> _WHAT NEEDS TO BE DONE_:
Quote the whole listing word for word, please.

> _RECORDS TO USE_:

------------------------------------------------------------------------

lemma rel_iso_disj_union:
  assumes "bij_betw h J I"
    and iso: "\<And>j. j \<in> J \<Longrightarrow> rel_iso (f j) (S' j) (R' j) (S (h j)) (R (h j))"
    and "\<And>j. j \<in> J \<Longrightarrow> m \<le> length (R' j)"
  shows "rel_iso (\<lambda>(j, x). (h j, f j x))
    (disj_union_univ J S') (disj_union_rels J m R') (disj_union_univ I S) (disj_union_rels I m R)"
proof -
  let ?\<Phi> = "\<lambda>(j, x). (h j, f j x)"
  have bij: "bij_betw ?\<Phi> (Sigma J S') (Sigma I S)"
    using iso by (intro bij_betw_Sigma[OF assms(1)]) (simp add: rel_iso_def)
  have "t \<in> disj_union_rels J m R' ! k \<longleftrightarrow> map ?\<Phi> t \<in> disj_union_rels I m R ! k"
    if "k < m" "set t \<subseteq> Sigma J S'" for k t
  proof -
    have "(\<forall>y\<in>set (map ?\<Phi> t). fst y = h j) \<and> map snd (map ?\<Phi> t) \<in> R (h j) ! k \<longleftrightarrow>
        (\<forall>x\<in>set t. fst x = j) \<and> map snd t \<in> R' j ! k" if "j \<in> J" for j
      using assms(1) \<open>set t \<subseteq> Sigma J S'\<close> iso[OF that] less_le_trans[OF \<open>k < m\<close> assms(3)[OF that]]
      by (intro rel_iso_tagged_tuple_iff[where h = h and f = f and S' = S' and R' = R' and J = J])
        (auto simp: bij_betw_def that)
    moreover have "I = h ` J"
      using assms(1) by (simp add: bij_betw_def)
    ultimately show ?thesis
      using \<open>k < m\<close> by (auto simp: disj_union_rels_def)
  qed
  then show ?thesis
    using bij by (simp add: rel_iso_def disj_union_univ_def disj_union_rels_def)
qed

lemma unary_FA_presentable_rel_iso:
  assumes "unary_FA_presentable S ar Rs" "rel_iso f S Rs S' Rs'" "length Rs = length ar"
  shows "unary_FA_presentable S' ar Rs'"
proof -
  obtain L and \<phi> :: "sym list \<Rightarrow> 'a" where
    L: "\<forall>w\<in>L. set w \<subseteq> {A}" "regular L" and \<phi>: "\<phi> ` L = S"
    and eq: "regular {conv [w1, w2] | w1 w2. w1 \<in> L \<and> w2 \<in> L \<and> \<phi> w1 = \<phi> w2}"
    and rels: "\<And>k. k < length ar \<Longrightarrow>
      regular {conv ws | ws. length ws = ar ! k \<and> set ws \<subseteq> L \<and> map \<phi> ws \<in> Rs ! k}"
    using assms(1) unfolding unary_FA_presentable_def by blast
  have bij: "bij_betw f S S'"
    using assms(2) by (simp add: rel_iso_def)
  have "f (\<phi> w1) = f (\<phi> w2) \<longleftrightarrow> \<phi> w1 = \<phi> w2" if "w1 \<in> L" "w2 \<in> L" for w1 w2
    using that \<phi> bij by (auto simp: bij_betw_def dest: inj_onD)
  then have "{conv [w1, w2] | w1 w2. w1 \<in> L \<and> w2 \<in> L \<and> (f \<circ> \<phi>) w1 = (f \<circ> \<phi>) w2} =
      {conv [w1, w2] | w1 w2. w1 \<in> L \<and> w2 \<in> L \<and> \<phi> w1 = \<phi> w2}"
    by auto
  moreover have "{conv ws | ws. length ws = ar ! k \<and> set ws \<subseteq> L \<and> map (f \<circ> \<phi>) ws \<in> Rs' ! k} =
      {conv ws | ws. length ws = ar ! k \<and> set ws \<subseteq> L \<and> map \<phi> ws \<in> Rs ! k}"
    if "k < length ar" for k
  proof -
    have "map \<phi> ws \<in> Rs ! k \<longleftrightarrow> map (f \<circ> \<phi>) ws \<in> Rs' ! k" if "set ws \<subseteq> L" for ws
    proof -
      have "set (map \<phi> ws) \<subseteq> S"
        using that \<phi> by auto
      then show ?thesis
        using assms(2,3) \<open>k < length ar\<close> unfolding rel_iso_def map_map[symmetric] by metis
    qed
    then show ?thesis
      by auto
  qed
  moreover have "(f \<circ> \<phi>) ` L = S'"
    using \<phi> bij_betw_imp_surj_on[OF bij] by (metis image_comp)
  ultimately show ?thesis
    unfolding unary_FA_presentable_def using L eq rels by (intro exI[of _ L] exI[of _ "f \<circ> \<phi>"]) auto
qed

------------------------------------------------------------------------

> _RESPONSE AREA_:
lemma rel_iso_disj_union:
  assumes "bij_betw h J I"
    and iso: "\<And>j. j \<in> J \<Longrightarrow> rel_iso (f j) (S' j) (R' j) (S (h j)) (R (h j))"
    and "\<And>j. j \<in> J \<Longrightarrow> m \<le> length (R' j)"
  shows "rel_iso (\<lambda>(j, x). (h j, f j x))
    (disj_union_univ J S') (disj_union_rels J m R') (disj_union_univ I S) (disj_union_rels I m R)"
proof -
  let ?\<Phi> = "\<lambda>(j, x). (h j, f j x)"
  have bij: "bij_betw ?\<Phi> (Sigma J S') (Sigma I S)"
    using iso by (intro bij_betw_Sigma[OF assms(1)]) (simp add: rel_iso_def)
  have "t \<in> disj_union_rels J m R' ! k \<longleftrightarrow> map ?\<Phi> t \<in> disj_union_rels I m R ! k"
    if "k < m" "set t \<subseteq> Sigma J S'" for k t
  proof -
    have "(\<forall>y\<in>set (map ?\<Phi> t). fst y = h j) \<and> map snd (map ?\<Phi> t) \<in> R (h j) ! k \<longleftrightarrow>
        (\<forall>x\<in>set t. fst x = j) \<and> map snd t \<in> R' j ! k" if "j \<in> J" for j
      using assms(1) \<open>set t \<subseteq> Sigma J S'\<close> iso[OF that] less_le_trans[OF \<open>k < m\<close> assms(3)[OF that]]
      by (intro rel_iso_tagged_tuple_iff[where h = h and f = f and S' = S' and R' = R' and J = J])
        (auto simp: bij_betw_def that)
    moreover have "I = h ` J"
      using assms(1) by (simp add: bij_betw_def)
    ultimately show ?thesis
      using \<open>k < m\<close> by (auto simp: disj_union_rels_def)
  qed
  then show ?thesis
    using bij by (simp add: rel_iso_def disj_union_univ_def disj_union_rels_def)
qed

lemma unary_FA_presentable_rel_iso:
  assumes "unary_FA_presentable S ar Rs" "rel_iso f S Rs S' Rs'" "length Rs = length ar"
  shows "unary_FA_presentable S' ar Rs'"
proof -
  obtain L and \<phi> :: "sym list \<Rightarrow> 'a" where
    L: "\<forall>w\<in>L. set w \<subseteq> {A}" "regular L" and \<phi>: "\<phi> ` L = S"
    and eq: "regular {conv [w1, w2] | w1 w2. w1 \<in> L \<and> w2 \<in> L \<and> \<phi> w1 = \<phi> w2}"
    and rels: "\<And>k. k < length ar \<Longrightarrow>
      regular {conv ws | ws. length ws = ar ! k \<and> set ws \<subseteq> L \<and> map \<phi> ws \<in> Rs ! k}"
    using assms(1) unfolding unary_FA_presentable_def by blast
  have bij: "bij_betw f S S'"
    using assms(2) by (simp add: rel_iso_def)
  have "f (\<phi> w1) = f (\<phi> w2) \<longleftrightarrow> \<phi> w1 = \<phi> w2" if "w1 \<in> L" "w2 \<in> L" for w1 w2
    using that \<phi> bij by (auto simp: bij_betw_def dest: inj_onD)
  then have "{conv [w1, w2] | w1 w2. w1 \<in> L \<and> w2 \<in> L \<and> (f \<circ> \<phi>) w1 = (f \<circ> \<phi>) w2} =
      {conv [w1, w2] | w1 w2. w1 \<in> L \<and> w2 \<in> L \<and> \<phi> w1 = \<phi> w2}"
    by auto
  moreover have "{conv ws | ws. length ws = ar ! k \<and> set ws \<subseteq> L \<and> map (f \<circ> \<phi>) ws \<in> Rs' ! k} =
      {conv ws | ws. length ws = ar ! k \<and> set ws \<subseteq> L \<and> map \<phi> ws \<in> Rs ! k}"
    if "k < length ar" for k
  proof -
    have "map \<phi> ws \<in> Rs ! k \<longleftrightarrow> map (f \<circ> \<phi>) ws \<in> Rs' ! k" if "set ws \<subseteq> L" for ws
    proof -
      have "set (map \<phi> ws) \<subseteq> S"
        using that \<phi> by auto
      then show ?thesis
        using assms(2,3) \<open>k < length ar\<close> unfolding rel_iso_def map_map[symmetric] by metis
    qed
    then show ?thesis
      by auto
  qed
  moreover have "(f \<circ> \<phi>) ` L = S'"
    using \<phi> bij_betw_imp_surj_on[OF bij] by (metis image_comp)
  ultimately show ?thesis
    unfolding unary_FA_presentable_def using L eq rels by (intro exI[of _ L] exI[of _ "f \<circ> \<phi>"]) auto
qed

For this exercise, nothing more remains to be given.